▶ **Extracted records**
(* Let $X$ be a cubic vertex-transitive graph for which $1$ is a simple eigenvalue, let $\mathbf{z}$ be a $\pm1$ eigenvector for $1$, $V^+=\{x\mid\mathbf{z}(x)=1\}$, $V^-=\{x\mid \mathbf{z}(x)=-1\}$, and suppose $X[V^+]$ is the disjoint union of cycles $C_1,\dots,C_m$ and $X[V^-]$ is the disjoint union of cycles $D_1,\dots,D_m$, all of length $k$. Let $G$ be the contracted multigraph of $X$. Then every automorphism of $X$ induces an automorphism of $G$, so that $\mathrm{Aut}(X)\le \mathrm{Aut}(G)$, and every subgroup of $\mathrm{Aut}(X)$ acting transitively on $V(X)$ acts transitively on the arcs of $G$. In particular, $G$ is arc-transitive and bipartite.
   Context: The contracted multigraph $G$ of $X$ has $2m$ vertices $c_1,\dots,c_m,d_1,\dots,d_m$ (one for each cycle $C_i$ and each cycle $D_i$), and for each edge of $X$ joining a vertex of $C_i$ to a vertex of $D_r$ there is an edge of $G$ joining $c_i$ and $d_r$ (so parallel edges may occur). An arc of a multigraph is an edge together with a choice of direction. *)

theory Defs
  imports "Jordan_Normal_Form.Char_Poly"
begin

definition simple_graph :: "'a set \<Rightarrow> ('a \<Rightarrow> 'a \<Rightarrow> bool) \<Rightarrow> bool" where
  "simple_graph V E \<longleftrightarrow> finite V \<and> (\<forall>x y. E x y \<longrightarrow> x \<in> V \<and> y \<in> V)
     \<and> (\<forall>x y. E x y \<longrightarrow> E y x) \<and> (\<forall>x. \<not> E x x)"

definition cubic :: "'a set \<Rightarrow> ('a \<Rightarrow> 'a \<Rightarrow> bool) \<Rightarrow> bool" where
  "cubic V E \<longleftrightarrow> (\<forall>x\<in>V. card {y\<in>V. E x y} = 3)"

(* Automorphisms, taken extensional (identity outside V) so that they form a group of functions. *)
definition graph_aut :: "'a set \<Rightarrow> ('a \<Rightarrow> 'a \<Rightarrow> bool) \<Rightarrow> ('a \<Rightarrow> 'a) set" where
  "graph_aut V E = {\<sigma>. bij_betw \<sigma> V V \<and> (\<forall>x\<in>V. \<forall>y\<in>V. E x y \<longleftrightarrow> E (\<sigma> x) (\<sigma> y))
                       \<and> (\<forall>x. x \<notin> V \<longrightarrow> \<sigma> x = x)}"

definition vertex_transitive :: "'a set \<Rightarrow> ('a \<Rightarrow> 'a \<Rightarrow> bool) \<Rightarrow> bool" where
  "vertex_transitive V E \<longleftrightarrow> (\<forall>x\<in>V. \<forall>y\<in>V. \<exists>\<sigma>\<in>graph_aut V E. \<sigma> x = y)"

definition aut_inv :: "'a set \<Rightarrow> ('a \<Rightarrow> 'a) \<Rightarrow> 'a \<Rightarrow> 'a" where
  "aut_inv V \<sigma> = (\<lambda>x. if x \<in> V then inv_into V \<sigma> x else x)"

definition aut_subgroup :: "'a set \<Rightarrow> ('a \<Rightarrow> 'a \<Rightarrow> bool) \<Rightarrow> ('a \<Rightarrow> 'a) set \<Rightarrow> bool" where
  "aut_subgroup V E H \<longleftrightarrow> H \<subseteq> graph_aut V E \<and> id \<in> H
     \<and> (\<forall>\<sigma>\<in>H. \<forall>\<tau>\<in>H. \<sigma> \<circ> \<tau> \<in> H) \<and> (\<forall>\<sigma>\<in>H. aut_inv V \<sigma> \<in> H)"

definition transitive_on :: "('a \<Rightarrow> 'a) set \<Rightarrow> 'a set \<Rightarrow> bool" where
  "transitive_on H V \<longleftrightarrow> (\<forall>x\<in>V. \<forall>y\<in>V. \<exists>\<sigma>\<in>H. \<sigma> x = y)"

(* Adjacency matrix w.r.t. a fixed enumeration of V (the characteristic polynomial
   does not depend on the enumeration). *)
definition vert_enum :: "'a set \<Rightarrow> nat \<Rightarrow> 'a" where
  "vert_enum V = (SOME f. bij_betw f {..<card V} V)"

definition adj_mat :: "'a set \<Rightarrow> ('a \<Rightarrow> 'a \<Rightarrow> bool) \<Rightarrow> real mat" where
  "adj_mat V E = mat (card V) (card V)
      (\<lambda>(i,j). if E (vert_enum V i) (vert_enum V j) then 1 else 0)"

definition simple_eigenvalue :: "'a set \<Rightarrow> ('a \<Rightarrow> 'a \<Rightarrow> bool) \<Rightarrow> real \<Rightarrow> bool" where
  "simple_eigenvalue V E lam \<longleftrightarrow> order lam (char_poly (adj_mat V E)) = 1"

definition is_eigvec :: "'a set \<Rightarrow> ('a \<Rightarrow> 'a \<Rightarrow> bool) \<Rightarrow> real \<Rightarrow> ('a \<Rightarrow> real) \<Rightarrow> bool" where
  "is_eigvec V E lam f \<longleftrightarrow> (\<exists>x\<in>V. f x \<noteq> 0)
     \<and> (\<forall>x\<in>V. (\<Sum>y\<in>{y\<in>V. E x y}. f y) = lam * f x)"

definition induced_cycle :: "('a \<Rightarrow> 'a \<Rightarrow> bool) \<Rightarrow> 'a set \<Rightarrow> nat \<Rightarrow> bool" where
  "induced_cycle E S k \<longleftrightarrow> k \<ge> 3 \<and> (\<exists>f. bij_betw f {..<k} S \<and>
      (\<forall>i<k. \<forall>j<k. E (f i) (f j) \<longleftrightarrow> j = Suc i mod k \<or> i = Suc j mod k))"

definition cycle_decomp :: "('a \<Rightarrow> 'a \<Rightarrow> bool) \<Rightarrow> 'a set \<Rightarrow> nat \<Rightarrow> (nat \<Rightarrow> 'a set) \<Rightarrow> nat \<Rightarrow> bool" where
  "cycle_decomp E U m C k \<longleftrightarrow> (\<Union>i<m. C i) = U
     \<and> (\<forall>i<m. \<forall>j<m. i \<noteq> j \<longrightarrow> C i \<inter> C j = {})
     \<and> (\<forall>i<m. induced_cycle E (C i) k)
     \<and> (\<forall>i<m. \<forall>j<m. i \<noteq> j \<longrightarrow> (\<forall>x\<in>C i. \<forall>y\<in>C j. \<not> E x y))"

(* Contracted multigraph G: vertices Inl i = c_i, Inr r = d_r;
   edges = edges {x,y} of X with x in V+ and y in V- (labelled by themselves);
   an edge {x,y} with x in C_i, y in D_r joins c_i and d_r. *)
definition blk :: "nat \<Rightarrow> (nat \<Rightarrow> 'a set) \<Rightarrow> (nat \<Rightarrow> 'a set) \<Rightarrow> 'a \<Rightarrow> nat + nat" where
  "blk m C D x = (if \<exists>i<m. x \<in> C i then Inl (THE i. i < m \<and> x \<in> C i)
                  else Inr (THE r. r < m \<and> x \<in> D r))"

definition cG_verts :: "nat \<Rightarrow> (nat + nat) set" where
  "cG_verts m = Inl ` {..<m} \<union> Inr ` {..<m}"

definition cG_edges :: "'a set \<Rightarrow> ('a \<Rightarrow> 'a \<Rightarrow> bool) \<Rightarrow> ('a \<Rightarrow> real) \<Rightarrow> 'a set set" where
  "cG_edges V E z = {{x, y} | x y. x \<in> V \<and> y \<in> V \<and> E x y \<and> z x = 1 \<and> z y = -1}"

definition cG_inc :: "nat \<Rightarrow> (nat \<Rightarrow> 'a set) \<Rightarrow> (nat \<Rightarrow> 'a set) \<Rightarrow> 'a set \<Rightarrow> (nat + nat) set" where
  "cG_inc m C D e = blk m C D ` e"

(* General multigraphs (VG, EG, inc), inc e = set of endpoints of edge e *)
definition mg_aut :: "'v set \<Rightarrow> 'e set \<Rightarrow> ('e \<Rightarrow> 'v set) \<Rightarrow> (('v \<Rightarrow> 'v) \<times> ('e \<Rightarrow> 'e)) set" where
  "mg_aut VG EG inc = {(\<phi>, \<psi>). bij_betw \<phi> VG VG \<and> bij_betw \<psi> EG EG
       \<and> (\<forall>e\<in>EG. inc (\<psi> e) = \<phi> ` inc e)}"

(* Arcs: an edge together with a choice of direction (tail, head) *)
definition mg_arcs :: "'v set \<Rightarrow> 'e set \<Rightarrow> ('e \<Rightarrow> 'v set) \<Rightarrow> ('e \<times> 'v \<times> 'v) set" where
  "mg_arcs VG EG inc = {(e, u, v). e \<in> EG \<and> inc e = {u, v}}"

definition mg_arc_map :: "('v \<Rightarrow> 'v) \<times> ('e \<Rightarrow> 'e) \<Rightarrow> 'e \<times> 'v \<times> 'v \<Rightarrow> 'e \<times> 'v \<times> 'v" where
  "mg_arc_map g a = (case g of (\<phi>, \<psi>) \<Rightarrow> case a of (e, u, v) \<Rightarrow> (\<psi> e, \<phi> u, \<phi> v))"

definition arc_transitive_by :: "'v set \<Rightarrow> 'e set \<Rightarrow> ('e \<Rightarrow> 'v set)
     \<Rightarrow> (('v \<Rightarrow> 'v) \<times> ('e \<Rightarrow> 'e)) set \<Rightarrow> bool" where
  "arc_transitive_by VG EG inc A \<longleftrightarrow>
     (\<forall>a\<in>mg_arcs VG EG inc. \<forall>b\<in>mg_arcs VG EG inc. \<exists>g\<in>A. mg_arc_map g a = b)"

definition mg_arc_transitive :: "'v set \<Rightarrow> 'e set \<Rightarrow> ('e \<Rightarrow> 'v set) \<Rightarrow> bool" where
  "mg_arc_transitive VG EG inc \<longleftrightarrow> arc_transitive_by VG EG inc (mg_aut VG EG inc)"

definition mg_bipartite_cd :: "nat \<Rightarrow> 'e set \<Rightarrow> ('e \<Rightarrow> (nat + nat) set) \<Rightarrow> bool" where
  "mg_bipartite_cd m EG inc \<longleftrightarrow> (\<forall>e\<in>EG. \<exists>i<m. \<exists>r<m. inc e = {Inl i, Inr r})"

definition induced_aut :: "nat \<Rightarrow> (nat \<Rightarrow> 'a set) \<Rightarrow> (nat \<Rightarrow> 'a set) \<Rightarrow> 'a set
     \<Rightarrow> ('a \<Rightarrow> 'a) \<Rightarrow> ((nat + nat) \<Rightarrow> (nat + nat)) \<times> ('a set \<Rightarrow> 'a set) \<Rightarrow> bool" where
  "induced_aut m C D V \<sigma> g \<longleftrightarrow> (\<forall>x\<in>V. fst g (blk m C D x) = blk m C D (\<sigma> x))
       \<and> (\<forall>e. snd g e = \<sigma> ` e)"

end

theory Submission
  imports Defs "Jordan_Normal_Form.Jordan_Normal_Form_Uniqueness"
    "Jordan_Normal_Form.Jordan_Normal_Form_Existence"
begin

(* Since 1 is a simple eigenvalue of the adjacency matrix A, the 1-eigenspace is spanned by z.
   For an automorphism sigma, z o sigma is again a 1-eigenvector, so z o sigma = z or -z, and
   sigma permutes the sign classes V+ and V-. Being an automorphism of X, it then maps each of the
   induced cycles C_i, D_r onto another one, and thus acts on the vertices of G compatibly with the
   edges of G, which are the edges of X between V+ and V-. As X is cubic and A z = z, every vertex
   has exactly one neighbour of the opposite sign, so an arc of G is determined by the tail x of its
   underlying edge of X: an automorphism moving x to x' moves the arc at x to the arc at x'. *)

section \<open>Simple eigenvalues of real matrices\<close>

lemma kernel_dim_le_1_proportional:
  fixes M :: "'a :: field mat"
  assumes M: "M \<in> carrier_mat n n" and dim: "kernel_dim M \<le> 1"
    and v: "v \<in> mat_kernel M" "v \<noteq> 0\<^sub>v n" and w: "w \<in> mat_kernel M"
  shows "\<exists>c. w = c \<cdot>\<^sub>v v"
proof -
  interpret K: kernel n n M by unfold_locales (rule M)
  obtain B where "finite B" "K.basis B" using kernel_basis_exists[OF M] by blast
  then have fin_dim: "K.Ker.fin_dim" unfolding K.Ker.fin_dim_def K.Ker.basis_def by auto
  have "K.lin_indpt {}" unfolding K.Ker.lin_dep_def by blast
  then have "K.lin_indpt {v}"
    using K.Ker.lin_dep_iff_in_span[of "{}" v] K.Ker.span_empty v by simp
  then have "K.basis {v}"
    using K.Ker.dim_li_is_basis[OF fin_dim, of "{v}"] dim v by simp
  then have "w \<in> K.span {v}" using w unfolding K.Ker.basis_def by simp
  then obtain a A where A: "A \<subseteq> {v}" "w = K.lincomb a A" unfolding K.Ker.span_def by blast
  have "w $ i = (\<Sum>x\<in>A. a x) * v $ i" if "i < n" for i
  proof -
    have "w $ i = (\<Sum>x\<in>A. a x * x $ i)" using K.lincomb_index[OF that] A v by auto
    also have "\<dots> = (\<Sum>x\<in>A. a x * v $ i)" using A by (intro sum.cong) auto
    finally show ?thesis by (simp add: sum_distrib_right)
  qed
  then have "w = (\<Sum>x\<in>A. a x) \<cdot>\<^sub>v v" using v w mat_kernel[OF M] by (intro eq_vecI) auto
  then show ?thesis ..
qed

▶ **Task description**
Take the entries above and return only the lines from the one with "x) (\<sigma> y))" to the one with "(\<lambda>x. if x", both included, unchanged.

▶ **Output for this exercise**
  "graph_aut V E = {\<sigma>. bij_betw \<sigma> V V \<and> (\<forall>x\<in>V. \<forall>y\<in>V. E x y \<longleftrightarrow> E (\<sigma> x) (\<sigma> y))
                       \<and> (\<forall>x. x \<notin> V \<longrightarrow> \<sigma> x = x)}"

definition vertex_transitive :: "'a set \<Rightarrow> ('a \<Rightarrow> 'a \<Rightarrow> bool) \<Rightarrow> bool" where
  "vertex_transitive V E \<longleftrightarrow> (\<forall>x\<in>V. \<forall>y\<in>V. \<exists>\<sigma>\<in>graph_aut V E. \<sigma> x = y)"

definition aut_inv :: "'a set \<Rightarrow> ('a \<Rightarrow> 'a) \<Rightarrow> 'a \<Rightarrow> 'a" where
  "aut_inv V \<sigma> = (\<lambda>x. if x \<in> V then inv_into V \<sigma> x else x)"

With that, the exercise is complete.